だからこそ、まずは1ページに漢字1文字の要点がギュッとまとまっている『漢字なりたちブック』からスタートするのが、個人的にはとてもおすすめです。子供に無理をさせず、スムーズに漢字学習を進める大きな手助けになってくれました。

▽漢字なりたちブックの詳細レビュー
算数で「計算力」だけでなく「考え方」が重視される
算数も3年生になると内容がぐっと難しくなります。子供たちの学校では、授業用になんと3冊のノートを使い分けるよう言われました。
- 「考え方」をまとめるノート
- 問題を解くノート
- 宿題を解くノート
1〜2年生の授業は「黒板を写して、先生に教えてもらう」という受け身の進め方が中心でした。しかし、3年生の「考え方ノート」では、以下のようなことを自分でまとめるスタイルに変わります。
- 「なんでこの答えになるんだろう?」
- 「他の解き方はできないかな?」
- 「お友達はどんな考え方をしているかな?」
- 「解いてみて気づいたこと」
単に「計算が速くて正確」なだけではダメで、「自分の頭でしっかり考えて、プロセスを説明する力」が本格的に求められるようになります。
さらに、子供たちが通う公立小学校では、新しい単元に入る前に毎回「プレテスト」があり、その結果で習得度別のクラス分けが行われていました。
全員が基礎をしっかり身につけ、さらに得意な子は応用・発展まで伸ばせるような仕組みになっていますが、子供心には「上のクラスに行きたい!」というちょっとした緊張感もあったようです。

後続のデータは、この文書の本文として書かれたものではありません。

lemma Lambda_eq: "(\<integral>\<^sup>+ s\<in>{0..r}. ennreal (lam n s w) \<partial>lborel) = Lambda n r w"
  unfolding Lambda_def by (rule nn_integral_cong) (auto simp: lam0_def indicator_def)

lemma tau'_eq_crossing_time:
  "tau' n x = crossing_time (\<lambda>r. Lambda n r (fst x)) (E n (snd x))"
  by (cases x) (simp add: tau_tilde_def crossing_time_def Lambda_eq)

lemma AE_M_fst:
  assumes "AE w in P. \<phi> w" shows "AE x in M. \<phi> (fst x)"
proof -
  obtain A where A: "{w \<in> space P. \<not> \<phi> w} \<subseteq> A" "A \<in> null_sets P"
    using assms unfolding eventually_ae_filter by blast
  have "A \<times> space Q \<in> null_sets (P \<Otimes>\<^sub>M Q)"
    using A(2) by (intro Q.times_in_null_sets1) (use sets.top[of Q] in auto)
  then have "AE x in P \<Otimes>\<^sub>M Q. \<phi> (fst x)" using A(1) by (intro AE_I') (auto simp: space_pair_measure)
  then show ?thesis by (rule AE_completion)
qed

lemma AE_M_snd:
  assumes "AE w in Q. \<phi> w" shows "AE x in M. \<phi> (snd x)"
proof -
  obtain A where A: "{w \<in> space Q. \<not> \<phi> w} \<subseteq> A" "A \<in> null_sets Q"
    using assms unfolding eventually_ae_filter by blast
  have "space P \<times> A \<in> null_sets (P \<Otimes>\<^sub>M Q)"
    using A(2) by (intro Q.times_in_null_sets2) (use sets.top[of P] in auto)
  then have "AE x in P \<Otimes>\<^sub>M Q. \<phi> (snd x)" using A(1) by (intro AE_I') (auto simp: space_pair_measure)
  then show ?thesis by (rule AE_completion)
qed

lemma AE_E_pos: "n \<in> {1..N} \<Longrightarrow> AE w in Q. 0 < E n w"
proof -
  assume n: "n \<in> {1..N}"
  have "\<P>(w in Q. E n w \<le> 0) = 1 - exp (- 0 * 1)"
    by (rule Q.exponential_distributedD_le[OF E_exp[OF n]]) auto
  moreover have "{w \<in> space Q. E n w \<le> 0} \<in> sets Q" using E_measurable[OF n] by measurable
  ultimately have "{w \<in> space Q. E n w \<le> 0} \<in> null_sets Q"
    by (simp add: null_sets_def Q.emeasure_eq_measure)
  from AE_not_in[OF this] show ?thesis by eventually_elim auto
qed

lemma AE_regular: "AE x in M. regular x"
  unfolding regular_def
proof (rule eventually_ball_finite[OF finite_atLeastAtMost], intro ballI)
  fix n assume n: "n \<in> {1..N}"
  have "AE x in M. \<forall>r\<ge>0. Lambda n r (fst x) < \<infinity>"
    using AE_M_fst[OF lam_fin[OF n]] by (simp add: Lambda_eq)
  moreover have "AE x in M. (\<integral>\<^sup>+ s\<in>{0..}. ennreal (lam0 n s (fst x)) \<partial>lborel) = \<infinity>"
  proof -
    have "(\<integral>\<^sup>+ s\<in>{0..}. ennreal (lam n s w) \<partial>lborel) = (\<integral>\<^sup>+ s\<in>{0..}. ennreal (lam0 n s w) \<partial>lborel)"
      for w by (rule nn_integral_cong) (auto simp: lam0_def indicator_def)
    then show ?thesis using AE_M_fst[OF lam_inf[OF n]] by simp
  qed
  moreover have "AE x in M. 0 < E n (snd x)" by (rule AE_M_snd[OF AE_E_pos[OF n]])
  ultimately show "AE x in M. (\<forall>r\<ge>0. Lambda n r (fst x) < \<infinity>) \<and>
      (\<integral>\<^sup>+ s\<in>{0..}. ennreal (lam0 n s (fst x)) \<partial>lborel) = \<infinity> \<and> 0 < E n (snd x)"
    by eventually_elim auto
qed

lemma level_crossing_Lambda:
  assumes "n \<in> {1..N}" and "regular x"
  shows "level_crossing (\<lambda>r. Lambda n r (fst x)) (E n (snd x))"
  unfolding Lambda_def using assms
  by (intro level_crossing_nn_integral_Icc) (auto simp: regular_def Lambda_def)

lemma tau'_pos: "n \<in> {1..N} \<Longrightarrow> regular x \<Longrightarrow> 0 < tau' n x"
  unfolding tau'_eq_crossing_time by (rule level_crossing.crossing_time_pos[OF level_crossing_Lambda])

lemma tau'_le_iff:
  "n \<in> {1..N} \<Longrightarrow> regular x \<Longrightarrow> 0 \<le> s \<Longrightarrow> tau' n x \<le> s \<longleftrightarrow> ennreal (E n (snd x)) \<le> Lambda n s (fst x)"
  unfolding tau'_eq_crossing_time by (rule level_crossing.crossing_time_le_iff[OF level_crossing_Lambda])

lemma E_le_iff_rational:
  "n \<in> {1..N} \<Longrightarrow> regular x \<Longrightarrow>
    E n (snd x) \<le> c \<longleftrightarrow> (\<forall>q\<in>\<rat>. 0 \<le> q \<and> q < tau' n x \<longrightarrow> Lambda n q (fst x) \<le> ennreal c)"
  unfolding tau'_eq_crossing_time by (rule level_crossing.level_le_iff_rational[OF level_crossing_Lambda])

lemma tau_eq_sum: "tau lam E n x = (\<Sum>j\<in>{1..n}. tau' j x)"
  unfolding tau_def ..

lemma tau'_nonneg: "regular x \<Longrightarrow> j \<in> {1..k} \<Longrightarrow> 0 \<le> tau' j x"
  using tau'_pos[of j x] k by (auto simp: less_imp_le)

lemma tau'_measurable[measurable]:
  assumes n: "n \<in> {1..N}" shows "tau' n \<in> borel_measurable M"
  unfolding borel_measurable_iff_le
proof
  fix s
  have [measurable]: "Lambda n s \<in> borel_measurable P" "E n \<in> borel_measurable Q"
    using n by measurable
  have "{x \<in> space (P \<Otimes>\<^sub>M Q). ennreal (E n (snd x)) \<le> Lambda n s (fst x)} \<in> sets (P \<Otimes>\<^sub>M Q)"
    by measurable
  then have A: "{x. ennreal (E n (snd x)) \<le> Lambda n s (fst x)} \<in> sets M" by simp
  show "{x \<in> space M. tau' n x \<le> s} \<in> sets M"
  proof (cases "0 \<le> s")
    case True
    have "AE x in M. x \<in> {x. ennreal (E n (snd x)) \<le> Lambda n s (fst x)} \<longleftrightarrow>
        x \<in> {x \<in> space M. tau' n x \<le> s}"
      using AE_regular by eventually_elim (simp add: tau'_le_iff[OF n _ True])
    then show ?thesis by (rule completion.in_sets_AE[OF _ A]) simp
  next
    case False
    have "AE x in M. x \<in> {} \<longleftrightarrow> x \<in> {x \<in> space M. tau' n x \<le> s}"
      using AE_regular by eventually_elim (use tau'_pos[OF n] False in fastforce)
    then show ?thesis by (rule completion.in_sets_AE) simp_all
  qed
qed

lemma tau_measurable[measurable]: "n \<le> N \<Longrightarrow> tau lam E n \<in> borel_measurable M"
  unfolding tau_def[abs_def] by (intro borel_measurable_sum tau'_measurable) auto

abbreviation "G_t \<equiv> G_sigma P Q F lam E k t"
abbreviation "FE_t \<equiv> FE_sigma P Q F E k t"
abbreviation "tau_k_le_t \<equiv> {x. tau lam E k x \<le> t}"

definition "F_rectangles = {A \<times> space Q | A. A \<in> sets (F t)}"
definition "tau_events = {{x \<in> space P \<times> space Q. tau lam E n x \<le> s} | n s. n \<in> {1..k} \<and> 0 \<le> s \<and> s \<le> t}"
definition "E_events = {space P \<times> {w' \<in> space Q. E n w' \<in> B} | n B. n \<in> {1..k} \<and> B \<in> sets borel}"

lemma sets_G_t: "sets G_t = sigma_sets UNIV (F_rectangles \<union> tau_events)"
  and space_G_t[simp]: "space G_t = UNIV"
  unfolding G_sigma_def F_rectangles_def tau_events_def
  by (auto simp: sets_measure_of_conv space_measure_of_conv)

「つまずき」を防ぐために、我が家が事前に準備したこと
こうした「考え方重視」の授業についていくためには、2年生までの基礎を固めるのはもちろん、「ちょっと難しい問題に対して、じっくり頭を使って解く」という経験をしておくことが本当に大切だと痛感しました。
我が家では、3年生になる前の総復習として「教科書+αの少し難しい問題集」を1冊仕上げたのですが、これが大正解!学校の「考え方重視」の授業や、クラス分けプレテストにも焦らず臨むことができました。
※我が家が実際に使って「本当に良かった!」と感じた具体的な算数ドリルは、記事の後半で詳しくご紹介しますね。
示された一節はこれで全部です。